# Shy in bed, help?



## helpless_wife (Feb 15, 2010)

When we do have sex,we mainly do missionary, I feel really embarrassed to be on top, as its just to much exposure for me. I know hubby would like me to be more confident in bed, just cant seem to break the shell. I feel shy and quite embarrassed when he just randomly fondles me. If he's touching my breasts or other intimate areas I shy away and put the duvet over me, as I feel so shy and really cant help it. 

I know that makes him feel like I don't him touching me. And he has gotten quite upset with me recently as he claims I don't try to like 'it'. 
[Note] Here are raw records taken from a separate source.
lemma hurwitz_left_eigenvalue:
  assumes K: "hurwitz K" and P: "P \<noteq> 0" "P v* K = s *s P"
  shows "Re s < 0"
proof -
  have "P v* (K - mat s) = 0"
    using P by (simp add: vector_matrix_mult_diff_rdistrib vector_mult_mat)
  then have "\<not> invertible (K - mat s)"
    using P by (metis invertible_def vector_matrix_mul_assoc vector_matrix_mul_rid vector_matrix_mult_0)
  then obtain w where "w \<noteq> 0" "(K - mat s) *v w = 0"
    unfolding invertible_left_inverse matrix_left_invertible_ker by blast
  then show ?thesis
    using K unfolding hurwitz_def
    by (metis eq_iff_diff_eq_0 matrix_vector_mult_diff_rdistrib mat_mult_vector)
qed

lemma block_stochastic_dominating:
  fixes r h :: "real^'q::finite" and blk :: "'q \<Rightarrow> 'b"
  assumes r: "\<forall>j. 0 \<le> r$j" and h: "\<forall>j. 0 \<le> h$j"
    and dom: "\<forall>i. (\<Sum>j\<in>{j. blk j = blk i}. r$j) \<le> (\<Sum>j\<in>{j. blk j = blk i}. h$j)"
  obtains \<Delta> :: "real^'q^'q" where "nonneg_mat \<Delta>" "\<forall>i j. blk i \<noteq> blk j \<longrightarrow> \<Delta>$i$j = 0"
    "\<forall>i. (\<Sum>j\<in>{j. blk j = blk i}. \<Delta>$i$j) = 1" "\<forall>j. r$j \<le> (h v* \<Delta>)$j"
proof -
  define s where "s j = (\<Sum>l\<in>{l. blk l = blk j}. r$l)" for j
  define u where "u j = (if 0 < s j then r$j / s j else 1 / card {l. blk l = blk j})" for j
  define \<Delta> :: "real^'q^'q" where "\<Delta> = (\<chi> i j. if blk i = blk j then u j else 0)"
  have s: "0 \<le> s j" for j
    unfolding s_def using r by (simp add: sum_nonneg)
  have u: "0 \<le> u j" for j
    unfolding u_def using r s by simp
  have s_blk: "s j = s i" if "j \<in> {j. blk j = blk i}" for i j
    using that by (simp add: s_def)
  have "(\<Sum>j\<in>{j. blk j = blk i}. u j) = 1" for i
  proof (cases "0 < s i")
    case True
    have "(\<Sum>j\<in>{j. blk j = blk i}. u j) = (\<Sum>j\<in>{j. blk j = blk i}. r$j / s i)"
    proof (rule sum.cong[OF refl])
      fix j assume "j \<in> {j. blk j = blk i}"
      then show "u j = r$j / s i"
        using True s_blk[of j i] by (simp add: u_def)
    qed
    with True show ?thesis
      by (simp add: s_def flip: sum_divide_distrib)
  next
    case False
    have "(\<Sum>j\<in>{j. blk j = blk i}. u j) = (\<Sum>j\<in>{j. blk j = blk i}. 1 / card {l. blk l = blk i})"
    proof (rule sum.cong[OF refl])
      fix j assume "j \<in> {j. blk j = blk i}"
      then show "u j = 1 / card {l. blk l = blk i}"
        using False s_blk[of j i] by (simp add: u_def)
    qed
    moreover have "card {l. blk l = blk i} \<noteq> 0"
      by (auto simp: card_eq_0_iff)
    ultimately show ?thesis
      by simp
  qed
  moreover have "r$j \<le> (h v* \<Delta>)$j" for j
  proof -
    have "(h v* \<Delta>)$j = u j * (\<Sum>l\<in>{l. blk l = blk j}. h$l)"
      unfolding \<Delta>_def vector_matrix_mult_def
      by (simp add: sum_distrib_left sum.inter_filter[symmetric] mult.commute if_distrib cong: if_cong)
    moreover have "r$j \<le> u j * (\<Sum>l\<in>{l. blk l = blk j}. h$l)"
    proof (cases "0 < s j")
      case True
      then have "r$j = u j * s j"
        by (simp add: u_def)
      also have "\<dots> \<le> u j * (\<Sum>l\<in>{l. blk l = blk j}. h$l)"
        using dom u by (simp add: s_def mult_left_mono)
      finally show ?thesis .
    next
      case False
      then have "s j = 0"
        using s[of j] by simp
      then have "\<forall>l\<in>{l. blk l = blk j}. r$l = 0"
        using r by (simp add: s_def sum_nonneg_eq_0_iff)
      then have "r$j = 0"
        by simp
      then show ?thesis
        using u h by (simp add: sum_nonneg)
    qed
    ultimately show ?thesis
      by simp
  qed
  moreover have "nonneg_mat \<Delta>" "\<forall>i j. blk i \<noteq> blk j \<longrightarrow> \<Delta>$i$j = 0"
    using u by (auto simp: nonneg_mat_def \<Delta>_def)
  ultimately show ?thesis
    using that by (auto simp: \<Delta>_def)
qed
Please any advice on how to overcome my extreme shyness? This is the man I have two children with.

Really appreciate all you advices and experiences.


----------



## steve71 (Feb 5, 2010)

I reckon non-sexual touch like massage is a very wholesome way to soothe away shyness. Pro masseurs will use towels to cover up the areas they're not actively working on. This helps keep people warm and preserves modesty. Maybe you and hubby could find a nice book on basic massage and learn to relax about touch and being naked together and who knows - eventually other pleasures may suggest themselves


----------



## okeydokie (Sep 10, 2008)

i can speak for your hubby as my wife does a few things like this when we are intimate. it absolutely pizzes me off that she is so "shy" that i have just gotten up and walked out. cant touch her breasts, keeps her legs together, her butt cheeks clinched. it screams "dont touch me" or "im not receptive to your advances". when you think of it, there really is no reason to be like this. he is your husband, and assuming all else is ok, he needs you to relax and be receptive during intimacy.


----------



## heynowusa (Feb 21, 2010)

Alcohol


----------



## artieb (Nov 11, 2009)

I'm inclined to agree with heynowusa: a little liquid courage might do you some good.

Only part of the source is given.